The Blu-ray: Vital Disc Stats
'Narcopolis' arrives on Blu-ray thanks to Scream Factory and IFC Midnight. Pressed onto a Region A BD50 disc, the disc is housed in a standard Blu-ray case with a slipcover featuring identical artwork. The disc opens directly to the film's animated main menu featuring standard navigation functions.
'Narcopolis' features a slick 2.35:1 1080p transfer that makes you feel like you're seeing a real down and dirty future world. The film uses mostly practical effects and bright creative lighting schemes to create a future world without an over indulgence of CGI. Because of this, fine details are constantly on display allowing you to appreciate the scenery and costuming of a near-future world that is believable. Colors tend to be on the darker side of things to fit the film thematically, but there are several moments where primaries have plenty of pop and presence to them. Flesh tones tend to look on the sickly side of things but considering the story, that's by intent. Black levels are deep and inky with strong shadow separation ensuring that the image has a notable sense of depth to it. Since this was shot digitally, the image is immaculate and free of any notable compression issues or video noise effects.

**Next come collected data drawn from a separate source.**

lemma integrable_shifted_norm_powr:
  fixes p \<alpha> :: real
  assumes p: "p > real DIM('a)" and \<alpha>: "\<alpha> > 0"
  shows "integrable lborel (\<lambda>x::'a::euclidean_space. (\<alpha> + norm x) powr (-p))"
proof (rule integrableI_bounded)
  define r where "r = p / real DIM('a)"
  have r: "r > 1" using p by (simp add: r_def field_simps)
  \<comment> \<open>Since each coordinate is bounded by the norm, the radial weight is dominated by a product of
    one-dimensional weights with exponent p/n > 1.\<close>
  have pointwise: "ennreal (norm ((\<alpha> + norm x) powr (-p))) \<le> (\<Prod>b\<in>Basis. ennreal ((\<alpha> + \<bar>x \<bullet> b\<bar>) powr (-r)))"
    for x :: 'a
  proof -
    have "\<alpha> + norm x > 0" using \<alpha> by (simp add: add_pos_nonneg)
    then have "(\<alpha> + norm x) powr (-r) > 0" by simp
    then have "(\<Prod>b\<in>(Basis::'a set). (\<alpha> + norm x) powr (-r)) = ((\<alpha> + norm x) powr (-r)) powr DIM('a)"
      by (simp add: powr_realpow)
    then have "(\<alpha> + norm x) powr (-p) = (\<Prod>b\<in>(Basis::'a set). (\<alpha> + norm x) powr (-r))"
      by (simp add: powr_powr r_def)
    also have "\<dots> \<le> (\<Prod>b\<in>Basis. (\<alpha> + \<bar>x \<bullet> b\<bar>) powr (-r))"
      using \<alpha> r Basis_le_norm by (intro prod_mono conjI powr_mono2') auto
    finally show ?thesis by (simp add: prod_ennreal ennreal_leI)
  qed
  have "(\<integral>\<^sup>+x. ennreal (norm ((\<alpha> + norm (x::'a)) powr (-p))) \<partial>lborel)
      \<le> (\<integral>\<^sup>+x. (\<Prod>b\<in>Basis. ennreal ((\<alpha> + \<bar>(x::'a) \<bullet> b\<bar>) powr (-r))) \<partial>lborel)"
    by (intro nn_integral_mono pointwise)
  also have "\<dots> = (\<Prod>b\<in>(Basis::'a set). (\<integral>\<^sup>+u. ennreal ((\<alpha> + \<bar>u\<bar>) powr (-r)) \<partial>lborel))"
    by (rule nn_integral_lborel_prod[where f="\<lambda>b u. ennreal ((\<alpha> + \<bar>u\<bar>) powr (-r))"]) auto
  also have "\<dots> < \<infinity>"
    using nn_integral_shifted_abs_powr_finite[OF r \<alpha>] by (simp add: power_less_top_ennreal)
  finally show "(\<integral>\<^sup>+x. ennreal (norm ((\<alpha> + norm (x::'a)) powr (-p))) \<partial>lborel) < \<infinity>" .
qed measurable

lemma has_real_derivative_integral_dominated:
  fixes f f' :: "real \<Rightarrow> 'a::euclidean_space \<Rightarrow> real"
  assumes t: "t \<in> {a<..<b}"
    and f_int: "\<And>s. s \<in> {a<..<b} \<Longrightarrow> f s integrable_on S"
    and f_deriv: "\<And>s x. s \<in> {a<..<b} \<Longrightarrow> x \<in> S \<Longrightarrow> ((\<lambda>s. f s x) has_real_derivative f' s x) (at s)"
    and dominated: "\<And>s x. s \<in> {a<..<b} \<Longrightarrow> x \<in> S \<Longrightarrow> \<bar>f' s x\<bar> \<le> g x"
    and g_int: "g integrable_on S"
  shows "((\<lambda>s. integral S (f s)) has_real_derivative integral S (f' t)) (at t)"
proof -
  let ?I = "{a<..<b}"
  define Q where "Q = (\<lambda>s x. (f s x - f t x) / (s - t))"
  have Q_bound: "\<bar>Q s x\<bar> \<le> g x" if s: "s \<in> ?I" "s \<noteq> t" and x: "x \<in> S" for s x
  proof -
    have "norm (f s x - f t x) \<le> g x * norm (s - t)"
      using t s x f_deriv dominated
      by (intro field_differentiable_bound[of ?I "\<lambda>s. f s x" "\<lambda>s. f' s x"])
         (auto intro: has_field_derivative_at_within)
    then show ?thesis using s by (simp add: Q_def abs_divide divide_le_eq)
  qed
  have "((\<lambda>s. (integral S (f s) - integral S (f t)) / (s - t)) \<longlongrightarrow> integral S (f' t)) (at t within ?I)"
  proof (unfold tendsto_at_iff_sequentially, intro allI impI)
    fix X :: "nat \<Rightarrow> real" assume X: "\<forall>k. X k \<in> ?I - {t}" "X \<longlonglongrightarrow> t"
    have "(\<lambda>k. integral S (Q (X k))) \<longlonglongrightarrow> integral S (f' t)"
    proof (rule dominated_convergence(2)[OF _ g_int])
      show "Q (X k) integrable_on S" for k
        using X(1) t by (auto simp: Q_def intro!: integrable_on_divide integrable_diff f_int)
      show "norm (Q (X k) x) \<le> g x" if "x \<in> S" for k x
        using X(1) Q_bound that by auto
      show "(\<lambda>k. Q (X k) x) \<longlonglongrightarrow> f' t x" if "x \<in> S" for x
      proof -
        have "((\<lambda>s. Q s x) \<longlongrightarrow> f' t x) (at t)"
          using f_deriv[OF t that] by (simp add: Q_def has_field_derivative_iff)
        then show ?thesis
          using X by (auto simp: tendsto_at_iff_sequentially o_def)
      qed
    qed
    moreover have "integral S (Q (X k)) = (integral S (f (X k)) - integral S (f t)) / (X k - t)" for k
      using X(1) t by (simp add: Q_def f_int integral_diff integral_divide)
    ultimately show "((\<lambda>s. (integral S (f s) - integral S (f t)) / (s - t)) \<circ> X) \<longlonglongrightarrow> integral S (f' t)"
      by (simp add: o_def)
  qed
  then show ?thesis
    using at_within_open[of t ?I] t by (simp add: has_field_derivative_iff)
qed

lemma convex_cone_sum:
  assumes "convex_cone C" "\<And>x. x \<in> S \<Longrightarrow> f x \<in> C"
  shows "sum f S \<in> C"
proof (cases "finite S")
  case True
  then show ?thesis using assms(2)
    by (induction S rule: finite_induct) (auto intro: convex_cone_add[OF assms(1)] convex_cone_contains_0[OF assms(1)])
qed (simp add: convex_cone_contains_0[OF assms(1)])

lemma pointed_cone_imp_convex_cone: "pointed_cone C \<Longrightarrow> convex_cone C"
  unfolding pointed_cone_def convex_cone_def conic_def cone_def by blast

lemma pointed_cone_strictly_positive_functional:
  fixes C :: "'a::euclidean_space set"
  assumes C: "pointed_cone C"
  obtains l c where "c > 0" "\<And>x. x \<in> C \<Longrightarrow> c * norm x \<le> l \<bullet> x"
proof -
  have cC: "convex_cone C" "closed C" and pointed: "C \<inter> uminus ` C = {0}"
    using C pointed_cone_imp_convex_cone unfolding pointed_cone_def by blast+
  let ?K = "convex hull (C \<inter> sphere 0 1)"
  have "compact ?K"
    using cC(2) by (intro compact_convex_hull closed_Int_compact) auto
  \<comment> \<open>A convex combination of unit vectors of C vanishing would exhibit a nonzero element of C \<inter> -C.\<close>
  have "0 \<notin> ?K"
  proof
    assume "0 \<in> ?K"
    then obtain S u where S: "finite S" "S \<subseteq> C \<inter> sphere 0 1" "\<forall>x\<in>S. 0 \<le> u x" "sum u S = 1"
      "(\<Sum>v\<in>S. u v *\<^sub>R v) = 0"
      unfolding convex_hull_explicit by blast
    obtain i where "i \<in> S" "u i \<noteq> 0"
      using S(4) sum.not_neutral_contains_not_neutral[of u S] by auto
    then have i: "i \<in> S" "u i > 0" using S(3) by force+
    have "u i *\<^sub>R i = - (\<Sum>v\<in>S - {i}. u v *\<^sub>R v)"
      using S(1,5) i(1) by (simp add: sum.remove eq_neg_iff_add_eq_0)
    moreover have "(\<Sum>v\<in>S - {i}. u v *\<^sub>R v) \<in> C"
      using S(2,3) by (intro convex_cone_sum[OF cC(1)] convex_cone_scaleR[OF cC(1)]) auto
    ultimately have "u i *\<^sub>R i \<in> uminus ` C" by (rule image_eqI)
    moreover have "u i *\<^sub>R i \<in> C"
      using S(2) i by (intro convex_cone_scaleR[OF cC(1)]) auto
    ultimately have "u i *\<^sub>R i = 0" using pointed by blast
    then show False using i S(2) by auto
  qed
  then obtain l b where b: "0 < b" "\<And>x. x \<in> ?K \<Longrightarrow> b < l \<bullet> x"
    using separating_hyperplane_closed_0[OF convex_convex_hull compact_imp_closed[OF \<open>compact ?K\<close>]] by blast
  have "b * norm x \<le> l \<bullet> x" if "x \<in> C" for x
  proof (cases "x = 0")
    case False
    then have "(1 / norm x) *\<^sub>R x \<in> C \<inter> sphere 0 1"
      using that convex_cone_scaleR[OF cC(1)] by auto
    then have "(1 / norm x) *\<^sub>R x \<in> ?K" by (rule hull_inc)
    then have "b < l \<bullet> ((1 / norm x) *\<^sub>R x)" by (rule b(2))
    then have "b < (l \<bullet> x) / norm x" by (simp add: divide_inverse_commute)
    then show ?thesis using False by (simp add: pos_less_divide_eq less_imp_le)
  qed simp
  with b(1) show ?thesis using that by blast
qed

lemma pointed_cone_norm_add_ge:
  fixes C :: "'a::euclidean_space set"
  assumes "pointed_cone C"
  obtains \<kappa> where "\<kappa> > 0" "\<And>x y. x \<in> C \<Longrightarrow> y \<in> C \<Longrightarrow> \<kappa> * (norm x + norm y) \<le> norm (x + y)"
proof -
  obtain l c where c: "c > 0" and l: "\<And>x. x \<in> C \<Longrightarrow> c * norm x \<le> l \<bullet> x"
    using pointed_cone_strictly_positive_functional[OF assms] by blast
  have "c / (norm l + 1) * (norm x + norm y) \<le> norm (x + y)" if "x \<in> C" "y \<in> C" for x y
  proof -
    have "c * (norm x + norm y) \<le> l \<bullet> (x + y)"
      using l[OF that(1)] l[OF that(2)] by (simp add: inner_add_right distrib_left)
    also have "\<dots> \<le> norm l * norm (x + y)" by (rule norm_cauchy_schwarz)
    also have "\<dots> \<le> (norm l + 1) * norm (x + y)" by (simp add: distrib_right)
    finally show ?thesis by (simp add: field_simps add_pos_nonneg)
  qed
  moreover have "c / (norm l + 1) > 0" using c by (intro divide_pos_pos add_nonneg_pos) auto
  ultimately show ?thesis using that by blast
qed

lemma pointed_cone_translate_subset:
  assumes C: "pointed_cone C" and w: "w \<in> C - {0}"
  shows "(+) w ` C \<subseteq> C - {0}"
proof
  fix x assume "x \<in> (+) w ` C"
  then obtain a where a: "a \<in> C" "x = w + a" by blast
  obtain \<kappa> where "\<kappa> > 0" "\<kappa> * (norm w + norm a) \<le> norm x"
    using pointed_cone_norm_add_ge[OF C] w a by (metis DiffD1)
  moreover have "norm w + norm a > 0" using w by (simp add: add_pos_nonneg)
  ultimately have "x \<noteq> 0" by (metis mult_pos_pos norm_zero not_le)
  then show "x \<in> C - {0}"
    using a w convex_cone_add[OF pointed_cone_imp_convex_cone[OF C]] by auto
qed

lemma pointed_cone_zero_notin_interior:
  assumes "pointed_cone C"
  shows "0 \<notin> interior C"
proof
  assume "0 \<in> interior C"
  then obtain e where e: "e > 0" "ball 0 e \<subseteq> C"
    using interior_subset open_contains_ball_eq open_interior by (metis subset_trans)
  obtain v :: 'a where v: "norm v = e / 2"
    using vector_choose_size[of "e / 2"] e(1) by auto
  then have "v \<in> C" "- v \<in> C" using e by (auto intro!: subsetD[OF e(2)])
  then have "v \<in> C \<inter> uminus ` C" by (metis IntI image_eqI minus_minus)
  then have "v = 0" using assms unfolding pointed_cone_def by blast
  then show False using v e(1) by simp
qed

'Narcopolis' is given a DTS-HD MA 5.1 audio track as well as a DTS-HD MA 2.0 mix. I'm not entirely sure why a 2.0 mix was included since the 5.1 mix works so well. The 2.0 track works on its own merits but loses a lot of the nuance and sense of space and atmosphere of the 5.1 surround track. The 5.1 track has a fantastic sense of imaging and space with plenty of channel movement and an abundance of atmospheric elements. Dialogue for both tracks is strong, but the 5.1 track feels more natural like the voice is coming from an actual person in a real space. Levels are rock solid and the track handles the film's shift from quiet investigative moments to action packed gun shots and drama. All around a great track but the 5.1 mix is the way to go.
Audio Commentary: Writer/Director Justin Trefgarne flies solo for this commentary and he has a lot to say. It's a solid commentary as he covers a lot of production details and how he drew a lot of inspiration from Phillip K. Dick stories to influence his world building.
Behind the Scenes: (HD 16:40) This is a pretty cool, better than the average, behind the scenes making of extra feature. In a quick amount of time, they cover a lot of great material.
Deleted Scene: (HD 3:32) It's easy to see why this scene was cut, I can't really go into it without spoiling some scenes.
Trailer: (HD 2:09)
'Narcopolis' is almost a great work of science fiction, but unfortunately, the film tries to do too much with a very simple straightforward concept. It's worth a viewing but I was let down by an unnecessary twist to the plot. Scream Factory with IFC Midnight have brought 'Narcopolis' to Blu-ray in fine order featuring a fantastic A/V presentation with some pretty decent extra features. Give it a rent.